# european insurance for fossils (70+)



## billplant (Sep 1, 2007)

i've still got my own teeth, however when you reach an insurance milestone companies often commit you to cyberspace, we need annual insurance world wide.

Can anyone help please......oh and a belated Happy New Year to all.

bill


----------



## Invicta (Feb 9, 2006)

I have a Barclays Additions Plus current account that includes:

Travel 
Worldwide multi-trip travel insurance including winter sports cover. 
RAC Comprehensive breakdown cover (with Roadside, Recovery,
At home, Onward Travel & European cover). 

Home 
Domestic emergency cover. 
Extended warranty cover. 

You 
Mobile phone insurance, including cover against loss and SIM card replacement. 

Online discounts at attractions and retailers at the Barclays & Me site. 

Other great benefits 
An interest-free overdraft of up to £250*. Preferential 9.9% EAR typical variable on agreed overdrafts over £250*. 

Cardholder protection. 
24-hour legal helpline. 

in all an annual benefit up to £780 for the monthly cost of £14.50 

Good value for the money I feel. Saves me having to renew all these different covers ie breakdown, travel insurance, cardholder protection.

The travel insurance I have been informed covers up to the age of 79 years.


----------



## sundazzler (Jan 4, 2007)

*european cover for fossils*

Hi Invicta

Having checked the Barclays travel insurance, it seems that you do have to have accommodation booked in advance which some M/Hers would not wish to do.Also does the european breakdown cover include repatriation?.

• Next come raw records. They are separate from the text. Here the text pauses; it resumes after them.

(* Let $n\ge1$, $k\ge1$, $A\in\{1,\dots,n\}^k$ and $B\subset\{1,\dots,n\}$ with $|B|=k+1$. Let $\tilde A=c^{1-\rho(A,B)}A$, $\tilde B=c^{1-\rho(A,B)}B$, let $I=(i_1\le\dots\le i_k)$ be the non-decreasing rearrangement of $\tilde A$, and $(j_1,\dots,j_k)=\Pi(I,\tilde B)$. Then $i_l<j_l$ for all $l$ and the chain of transpositions $((i_1\,j_1),\dots,(i_k\,j_k))$ belongs to $\Sigma^*_n(k)$.
   Context: $\mathfrak S_n$ is the symmetric group on $\{1,\dots,n\}$; products are composed right to left. $\mathsf T_n$ is the set of transpositions, always written $(i\,j)$ with $i<j$. For $\sigma\in\mathfrak S_n$, $|\sigma|=n-(\text{number of cycles of }\sigma\text{, fixed points counted})$; $\sigma_1\preccurlyeq\sigma_2$ iff $|\sigma_2|=|\sigma_1|+|\sigma_1^{-1}\sigma_2|$. $\Sigma_n(k)=\{(\tau_1,\dots,\tau_k)\in(\mathsf T_n)^k : |\tau_1\cdots\tau_k|=k,\ \tau_1\cdots\tau_k\preccurlyeq(1\,2\,\dots\,n)\}$, and $\Sigma^*_n(k)$ is the set of its elements $((i_1\,j_1),\dots,(i_k\,j_k))$ with $i_1\le\dots\le i_k$. Let $c=(1\,2\,\dots\,n)$ be the cyclic shift $x\mapsto x+1$ for $x<n$, $n\mapsto1$, acting componentwise on sequences and elementwise on sets; powers are taken modulo $n$. Parking process: given $E=(e_1,\dots,e_k)\in\{1,\dots,n\}^k$ and $O\subset\{1,\dots,n\}$ with $|O|=k+1$, define $p_k=c^{r}(e_k)$ where $r=\min\{s\in\{1,\dots,n\}: c^s(e_k)\in O\}$ and, backwards, $p_l=c^{r}(e_l)$ where $r=\min\{s\in\{1,\dots,n\}: c^s(e_l)\in O\setminus\{p_{l+1},\dots,p_k\}\}$. Write $\Pi(E,O)=(p_1,\dots,p_k)$; the unique element of $O\setminus\{p_1,\dots,p_k\}$ is the residue $\rho(E,O)$. *)

theory Defs
  imports Main "HOL-Combinatorics.Transposition"
begin

text \<open>Permutations of {1..n} are functions nat => nat (identity outside {1..n}).
  The cycles of sigma, fixed points counted, are the orbits of the points of {1..n}.\<close>

definition orb :: "(nat \<Rightarrow> nat) \<Rightarrow> nat \<Rightarrow> nat set" where
  "orb \<sigma> x = {y. \<exists>m. (\<sigma> ^^ m) x = y}"

definition num_cycles :: "nat \<Rightarrow> (nat \<Rightarrow> nat) \<Rightarrow> nat" where
  "num_cycles n \<sigma> = card (orb \<sigma> ` {1..n})"

definition plen :: "nat \<Rightarrow> (nat \<Rightarrow> nat) \<Rightarrow> nat" where
  "plen n \<sigma> = n - num_cycles n \<sigma>"

definition preceq :: "nat \<Rightarrow> (nat \<Rightarrow> nat) \<Rightarrow> (nat \<Rightarrow> nat) \<Rightarrow> bool" where
  "preceq n \<sigma>1 \<sigma>2 \<longleftrightarrow> plen n \<sigma>2 = plen n \<sigma>1 + plen n (inv \<sigma>1 \<circ> \<sigma>2)"

text \<open>Cyclic shift c = (1 2 ... n), and its powers.\<close>
definition cshift :: "nat \<Rightarrow> nat \<Rightarrow> nat" where
  "cshift n x = (if x < n then x + 1 else 1)"

definition long_cycle :: "nat \<Rightarrow> nat \<Rightarrow> nat" where
  "long_cycle n x = (if x \<in> {1..n} then cshift n x else x)"

definition cpow :: "nat \<Rightarrow> int \<Rightarrow> nat \<Rightarrow> nat" where
  "cpow n e = cshift n ^^ nat (e mod int n)"

text \<open>Transpositions (i j), i<j, in S_n; a chain is a list of pairs (i,j);
  the product tau_1 ... tau_k is composed right to left.\<close>
definition is_transp :: "nat \<Rightarrow> nat \<times> nat \<Rightarrow> bool" where
  "is_transp n t \<longleftrightarrow> 1 \<le> fst t \<and> fst t < snd t \<and> snd t \<le> n"

definition chain_prod :: "(nat \<times> nat) list \<Rightarrow> nat \<Rightarrow> nat" where
  "chain_prod ts = foldr (\<lambda>t f. transpose (fst t) (snd t) \<circ> f) ts id"

definition Sigma_chains :: "nat \<Rightarrow> nat \<Rightarrow> (nat \<times> nat) list set" where
  "Sigma_chains n k = {ts. length ts = k \<and> (\<forall>t\<in>set ts. is_transp n t)
      \<and> plen n (chain_prod ts) = k \<and> preceq n (chain_prod ts) (long_cycle n)}"

definition Sigma_star :: "nat \<Rightarrow> nat \<Rightarrow> (nat \<times> nat) list set" where
  "Sigma_star n k = {ts \<in> Sigma_chains n k. sorted (map fst ts)}"

text \<open>Parking process, computed backwards: park n Os (e_1 # ... # e_k) = (p_1,...,p_k).\<close>
fun park :: "nat \<Rightarrow> nat set \<Rightarrow> nat list \<Rightarrow> nat list" where
  "park n Os [] = []"
| "park n Os (e # es) =
    (let ps = park n Os es;
         r = (LEAST s. 1 \<le> s \<and> s \<le> n \<and> (cshift n ^^ s) e \<in> Os - set ps)
     in (cshift n ^^ r) e # ps)"

definition residue :: "nat \<Rightarrow> nat list \<Rightarrow> nat set \<Rightarrow> nat" where
  "residue n E Os = (THE x. x \<in> Os - set (park n Os E))"

end

theory Submission
  imports Defs "HOL-Combinatorics.Permutations" "HOL-Combinatorics.Orbits"
begin

(* Rotating cars and spots by c^(1-rho) commutes with parking and turns the
   residue rho into the spot 1; and the set of occupied spots does not depend on the order
   in which the cars arrive, so after sorting the cars spot 1 is still left free.  For a
   sorted list of cars parking with spot 1 free, no car wraps around (hence i_l < j_l), and
   when the last car x parks at p, the points of (x, p] are untouched by the earlier
   transpositions.  Appending (x p) therefore attaches the fixed point p to a cycle of the
   product sigma, and cuts the cycle of sigma^-1 c through x, x+1, ..., p in two.  By
   induction sigma has n - k cycles and sigma^-1 c has k + 1, which is membership in
   Sigma*_n(k). *)

lemma orb_self: "z \<in> orb h z"
  unfolding orb_def by (auto intro: exI[of _ 0])

lemma orb_step: "h z \<in> orb h z"
  unfolding orb_def by (auto intro: exI[of _ 1])

lemma orb_eq_orbit: "permutation h \<Longrightarrow> orb h z = orbit h z"
  unfolding orb_def by (auto simp: orbit_altdef_permutation)

lemma orb_eq: "permutation h \<Longrightarrow> w \<in> orb h z \<Longrightarrow> orb h w = orb h z"
  by (simp add: orb_eq_orbit)
     (meson orbit_swap orbit_trans permutation_self_in_orbit subsetI subset_antisym)

lemma orb_closed:
  assumes "\<And>w. w \<in> T \<Longrightarrow> h w \<in> T" "z \<in> T" shows "orb h z \<subseteq> T"
proof
  fix y assume "y \<in> orb h z"
  then obtain m where "y = (h ^^ m) z" unfolding orb_def by auto
  moreover have "(h ^^ m) z \<in> T" for m using assms by (induct m) auto
  ultimately show "y \<in> T" by simp
qed

lemma orb_fixpoint: "h p = p \<Longrightarrow> orb h p = {p}"
proof -
  assume h: "h p = p"
  have "(h ^^ m) p = p" for m by (induct m) (auto simp: h)
  then show ?thesis unfolding orb_def by auto
qed

definition fused_orb :: "(nat \<Rightarrow> nat) \<Rightarrow> nat \<Rightarrow> nat \<Rightarrow> nat \<Rightarrow> nat set" where
  "fused_orb f a b z =
     (if z \<in> orb f a \<union> orb f b then orb f a \<union> orb f b else orb f z)"

lemma fused_orb_self: "z \<in> fused_orb f a b z"
  by (auto simp: fused_orb_def orb_self)

lemma fused_orb_eq:
  assumes "permutation f" "w \<in> fused_orb f a b z"
  shows "fused_orb f a b w = fused_orb f a b z"
proof (cases "z \<in> orb f a \<union> orb f b")
  case True
  then show ?thesis using assms(2) by (simp add: fused_orb_def)
next
  case False
  then have ow: "orb f w = orb f z"
    using assms orb_eq by (auto simp: fused_orb_def)
  have "w \<notin> orb f a \<union> orb f b"
    using False ow orb_eq[OF assms(1)] orb_self[of z f] by (metis Un_iff)
  then show ?thesis using False ow by (simp add: fused_orb_def)
qed

lemma orb_sub_fused_orb: "permutation f \<Longrightarrow> orb f z \<subseteq> fused_orb f a b z"
  unfolding fused_orb_def using orb_eq by auto

lemma orb_eq_fused_orb:
  assumes pf: "permutation f" and pg: "permutation g"
    and g_in: "\<And>z. g z \<in> fused_orb f a b z"
    and f_in: "\<And>z. f z \<in> orb g z"
    and ab: "b \<in> orb g a"
  shows "orb g z = fused_orb f a b z"
proof
  show "orb g z \<subseteq> fused_orb f a b z"
  proof (rule orb_closed)
    fix w assume "w \<in> fused_orb f a b z"
    then show "g w \<in> fused_orb f a b z" using g_in[of w] fused_orb_eq[OF pf] by metis
  qed (rule fused_orb_self)
  have f_sub_g: "orb f y \<subseteq> orb g y" for y
  proof (rule orb_closed)
    fix w assume "w \<in> orb g y"
    then show "f w \<in> orb g y" using f_in[of w] orb_eq[OF pg] by metis
  qed (rule orb_self)
  have ga: "orb g b = orb g a" using orb_eq[OF pg ab] .
  show "fused_orb f a b z \<subseteq> orb g z"
  proof (cases "z \<in> orb f a \<union> orb f b")
    case True
    then have "orb g z = orb g a"
      using f_sub_g[of a] f_sub_g[of b] ga orb_eq[OF pg] by blast
    then show ?thesis
      using True f_sub_g[of a] f_sub_g[of b] ga by (auto simp: fused_orb_def)
  qed (use f_sub_g in \<open>simp add: fused_orb_def\<close>)
qed

lemma card_fused_orbits:
  assumes fin: "finite S" and pf: "permutation f" and a: "a \<in> S" and b: "b \<in> S"
    and ab: "orb f a \<noteq> orb f b"
    and g: "\<And>z. orb g z = fused_orb f a b z"
  shows "card (orb g ` S) + 1 = card (orb f ` S)"
proof -
  define U where "U = orb f a \<union> orb f b"
  have gU: "z \<in> U \<Longrightarrow> orb g z = U" and gf: "z \<notin> U \<Longrightarrow> orb g z = orb f z" for z
    by (simp_all add: g fused_orb_def U_def)
  have other: "z \<notin> U \<longleftrightarrow> orb f z \<noteq> orb f a \<and> orb f z \<noteq> orb f b" for z
  proof
    assume "z \<notin> U"
    then show "orb f z \<noteq> orb f a \<and> orb f z \<noteq> orb f b"
      unfolding U_def using orb_self[of z f] by auto
  next
    assume "orb f z \<noteq> orb f a \<and> orb f z \<noteq> orb f b"
    then show "z \<notin> U" unfolding U_def using orb_eq[OF pf, of z] by auto
  qed
  have aU: "a \<in> U" unfolding U_def by (simp add: orb_self)
  have img: "orb g ` S = insert U (orb f ` S - {orb f a, orb f b})"
  proof (intro set_eqI iffI)
    fix X assume "X \<in> orb g ` S"
    then obtain z where "z \<in> S" "X = orb g z" by auto
    then show "X \<in> insert U (orb f ` S - {orb f a, orb f b})"
      using other[of z] gU[of z] gf[of z] by (cases "z \<in> U") auto
  next
    fix X assume X: "X \<in> insert U (orb f ` S - {orb f a, orb f b})"
    show "X \<in> orb g ` S"
    proof (cases "X = U")
      case True
      then show ?thesis using a gU[OF aU] by blast
    next
      case False
      then obtain z where "z \<in> S" "X = orb f z" "z \<notin> U" using X other by auto
      then show ?thesis using gf by blast
    qed
  qed
  have "U \<notin> orb f ` S - {orb f a, orb f b}"
  proof
    assume "U \<in> orb f ` S - {orb f a, orb f b}"
    then obtain z where "U = orb f z" "orb f z \<noteq> orb f a" by auto
    then show False using aU orb_eq[OF pf, of a z] by simp
  qed
  then have "card (orb g ` S) = card (orb f ` S - {orb f a, orb f b}) + 1"
    using img fin by simp
  moreover have "card (orb f ` S - {orb f a, orb f b}) + 2 = card (orb f ` S)"
  proof -
    have "{orb f a, orb f b} \<subseteq> orb f ` S" "card {orb f a, orb f b} = 2"
      using a b ab by auto
    then show ?thesis
      using fin card_Diff_subset[of "{orb f a, orb f b}" "orb f ` S"]
        card_mono[of "orb f ` S" "{orb f a, orb f b}"] by simp
  qed
  ultimately show ?thesis by simp
qed

text \<open>Multiplying on the left by the transposition of two points in distinct orbits fuses
  these orbits.  The hypothesis \<open>link\<close> always holds; we only require it where it is evident.\<close>
lemma card_orbits_transpose_merge:
  assumes fin: "finite S" and pf: "permutation f" and a: "a \<in> S" and b: "b \<in> S"
    and ab: "orb f a \<noteq> orb f b"
    and link: "b \<in> orb (transpose a b \<circ> f) a"
  shows "card (orb (transpose a b \<circ> f) ` S) + 1 = card (orb f ` S)"
proof -
  let ?g = "transpose a b \<circ> f"
  have pg: "permutation ?g" by (rule permutation_compose[OF permutation_swap_id pf])
  have "orb ?g z = fused_orb f a b z" for z
  proof (rule orb_eq_fused_orb[OF pf pg _ _ link])
    fix z
    show "?g z \<in> fused_orb f a b z"
    proof (cases "f z \<in> {a, b}")
      case False
      then show ?thesis using orb_step[of f z] orb_sub_fused_orb[OF pf] by auto
    next
      case True
      have "orb f z = orb f (f z)" using orb_eq[OF pf orb_step] by simp
      then have "z \<in> orb f a \<union> orb f b" using True orb_self[of z f] by auto
      then show ?thesis using True orb_self[of a f] orb_self[of b f]
        by (auto simp: fused_orb_def)
    qed
    show "f z \<in> orb ?g z"
    proof (cases "?g z \<in> {a, b}")
      case False
      then have "f z \<notin> {a, b}" by auto
      then have "?g z = f z" by simp
      then show ?thesis using orb_step[of ?g z] by simp
    next
      case True
      have "orb ?g z = orb ?g (?g z)" by (rule orb_eq[OF pg orb_step, symmetric])
      also have "\<dots> = orb ?g a"
        using True orb_eq[OF pg link] by (elim insertE) simp_all
      finally have "{a, b} \<subseteq> orb ?g z" using link orb_self[of a ?g] by simp
      moreover have "f z \<in> {a, b}" using True by (auto simp: transpose_def split: if_splits)
      ultimately show ?thesis by blast
    qed
  qed
  then show ?thesis by (rule card_fused_orbits[OF fin pf a b ab])
qed

text \<open>Indeed \<open>f \<circ> (a b) = (f a  b) \<circ> f\<close>.\<close>
lemma card_orbits_attach_fixed_point:
  assumes fin: "finite S" and perm: "f permutes S" and a: "a \<in> S" and b: "b \<in> S"
    and ab: "a \<noteq> b" and fb: "f b = b"
  shows "card (orb (f \<circ> transpose a b) ` S) + 1 = card (orb f ` S)"
proof -
  have pf: "permutation f" using fin perm permutation_permutes by blast
  have inj: "inj f" by (rule permutes_inj[OF perm])
  have fa: "f a \<in> S" using permutes_in_image[OF perm] a by simp
  have conj: "f \<circ> transpose a b = transpose b (f a) \<circ> f"
  proof
    fix z
    show "(f \<circ> transpose a b) z = (transpose b (f a) \<circ> f) z"
    proof (cases "z = a \<or> z = b")
      case True
      then show ?thesis using fb by auto
    next
      case False
      then have "f z \<noteq> f a" "f z \<noteq> b" using inj fb by (metis injD)+
      then show ?thesis using False by simp
    qed
  qed
  have link: "f a \<in> orb (transpose b (f a) \<circ> f) b"
    using orb_step[of "transpose b (f a) \<circ> f" b] fb by simp
  have "a \<notin> orb f b" using orb_fixpoint[of f b, OF fb] ab by simp
  then have "orb f b \<noteq> orb f (f a)"
    using orb_eq[OF pf orb_step, of a] orb_self[of a f] by auto
  then show ?thesis
    unfolding conj by (rule card_orbits_transpose_merge[OF fin pf b fa _ link])
qed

I agree it does give good value for the amount of cover it provides.


----------



## Invicta (Feb 9, 2006)

Just received this reply re my Barclays Additions Plus account:

Thank you for your email

Cover is up to age of 79 and 364 days (65 for Winter Sports)

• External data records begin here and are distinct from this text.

lemma l_coset_suffix_generate:
  assumes S: "S \<subseteq> carrier (free_group k)"
    and "g \<in> generate (free_group k) S" "suffix s g"
  shows "s <#\<^bsub>free_group k\<^esub> generate (free_group k) S
    \<in> (\<lambda>s. s <#\<^bsub>free_group k\<^esub> generate (free_group k) S) ` {s. \<exists>t\<in>insert [] (S \<union> inv_word ` S). suffix s t}"
  using assms(2,3)
proof (induction g arbitrary: s rule: generate.induct)
  case one
  then show ?case
    by (auto simp: free_group_one)
next
  case (incl h)
  then show ?case
    by blast
next
  case (inv h)
  then show ?case
    using S free_group_inv[of h k] by blast
next
  case (eng h1 h2)
  let ?H = "generate (free_group k) S"
  have H: "subgroup ?H (free_group k)"
    using fg.generate_is_subgroup[OF S] .
  have h: "h1 \<in> carrier (free_group k)" "h2 \<in> carrier (free_group k)"
    using eng.hyps fg.generate_in_carrier[OF S] by blast+
  from suffix_free_group_mult[OF h eng.prems] show ?case
  proof
    assume "suffix s h2"
    then show ?thesis
      by (rule eng.IH(2))
  next
    assume "\<exists>s'. suffix s' h1 \<and> s' \<in> carrier (free_group k) \<and> s = s' \<otimes>\<^bsub>free_group k\<^esub> h2"
    then obtain s' where s': "suffix s' h1" "s' \<in> carrier (free_group k)" "s = s' \<otimes>\<^bsub>free_group k\<^esub> h2"
      by blast
    then have "s <#\<^bsub>free_group k\<^esub> ?H = s' <#\<^bsub>free_group k\<^esub> (h2 <#\<^bsub>free_group k\<^esub> ?H)"
      using h(2) subgroup.subset[OF H] by (simp add: fg.lcos_m_assoc)
    also have "\<dots> = s' <#\<^bsub>free_group k\<^esub> ?H"
      using fg.coset_join3[OF h(2) H eng.hyps(2)] by simp
    finally show ?thesis
      using eng.IH(1)[OF s'(1)] by simp
  qed
qed

lemma shortest_l_coset_rep_suffix:
  assumes H: "subgroup H (free_group k)" and y: "y \<in> carrier (free_group k)"
    and z: "z \<in> carrier (free_group k)" "z \<noteq> []" "reduced (z @ y)"
    and conj: "inv\<^bsub>free_group k\<^esub> y \<otimes>\<^bsub>free_group k\<^esub> (z \<otimes>\<^bsub>free_group k\<^esub> y) \<in> H"
    and shortest: "\<forall>y'\<in>y <#\<^bsub>free_group k\<^esub> H. length y \<le> length y'"
  shows "suffix y (red (inv_word y @ z @ y))"
proof -
  obtain a b c where abc: "inv_word y = a @ b" "z @ y = inv_word b @ c"
    "red (inv_word y @ z @ y) = a @ c"
    using red_append_cancellation[of "inv_word y" "z @ y"] y z(3) by (auto simp: free_group_carrier)
  show ?thesis
  proof (cases "length z \<le> length b")
    case True
    \<comment> \<open>all of \<open>z\<close> cancels, so \<open>z\<^sup>-\<^sup>1 y\<close> is a shorter representative of \<open>y H\<close>\<close>
    then have "take (length z) (inv_word b) = z"
      using arg_cong[OF abc(2), of "take (length z)"] by simp
    then obtain p where "inv_word b = z @ p"
      by (metis append_take_drop_id)
    then have y_zp: "y = z @ p @ inv_word a"
      using arg_cong[OF abc(1), of inv_word] by simp
    then have p_reduced: "reduced (p @ inv_word a)"
      using y by (simp add: free_group_carrier reduced_append)
    have "inv\<^bsub>free_group k\<^esub> z \<otimes>\<^bsub>free_group k\<^esub> y = red ((inv_word z @ z) @ p @ inv_word a)"
      using z(1) by (simp add: y_zp free_group_inv free_group_mult)
    also have "\<dots> = red (red (inv_word z @ z) @ p @ inv_word a)"
      by (rule red_append_left[symmetric])
    also have "\<dots> = p @ inv_word a"
      using p_reduced by (simp add: red_reduced)
    finally have "inv\<^bsub>free_group k\<^esub> z \<otimes>\<^bsub>free_group k\<^esub> y = p @ inv_word a" .
    moreover have "inv\<^bsub>free_group k\<^esub> z \<otimes>\<^bsub>free_group k\<^esub> y \<in> y <#\<^bsub>free_group k\<^esub> H"
    proof -
      have "inv\<^bsub>free_group k\<^esub> z \<otimes>\<^bsub>free_group k\<^esub> y
          = y \<otimes>\<^bsub>free_group k\<^esub> inv\<^bsub>free_group k\<^esub> (inv\<^bsub>free_group k\<^esub> y \<otimes>\<^bsub>free_group k\<^esub> (z \<otimes>\<^bsub>free_group k\<^esub> y))"
        using y z(1) by (simp add: fg.inv_mult_group fg.m_assoc[symmetric])
      then show ?thesis
        using subgroup.m_inv_closed[OF H conj] by (auto simp: l_coset_def)
    qed
    ultimately have "length y \<le> length (p @ inv_word a)"
      using shortest by metis
    then show ?thesis
      using z(2) y_zp by simp
  next
    case False
    then have "take (length b) z = inv_word b"
      using arg_cong[OF abc(2), of "take (length b)"] by simp
    then obtain d where "z = inv_word b @ d"
      by (metis append_take_drop_id)
    then show ?thesis
      using abc by (auto simp: suffix_def)
  qed
qed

If you have any similar requests, please note that you can complete them by:

- visiting any branch
- calling Barclays Telephone Banking (if you are not registered please call 08457 555 555 ), if calling from overseas please dial +44 24 7684 2100
- placing it in the post - Barclays Bank PLC, Leicester, LE87 2BB.
- using Online banking at https://ibank.barclays.co.uk

Can I suggest Sundazzler that you raise any quiries you may have 
concerning travel insurance directly with Barclays Bank.

Please let us know the answers!


----------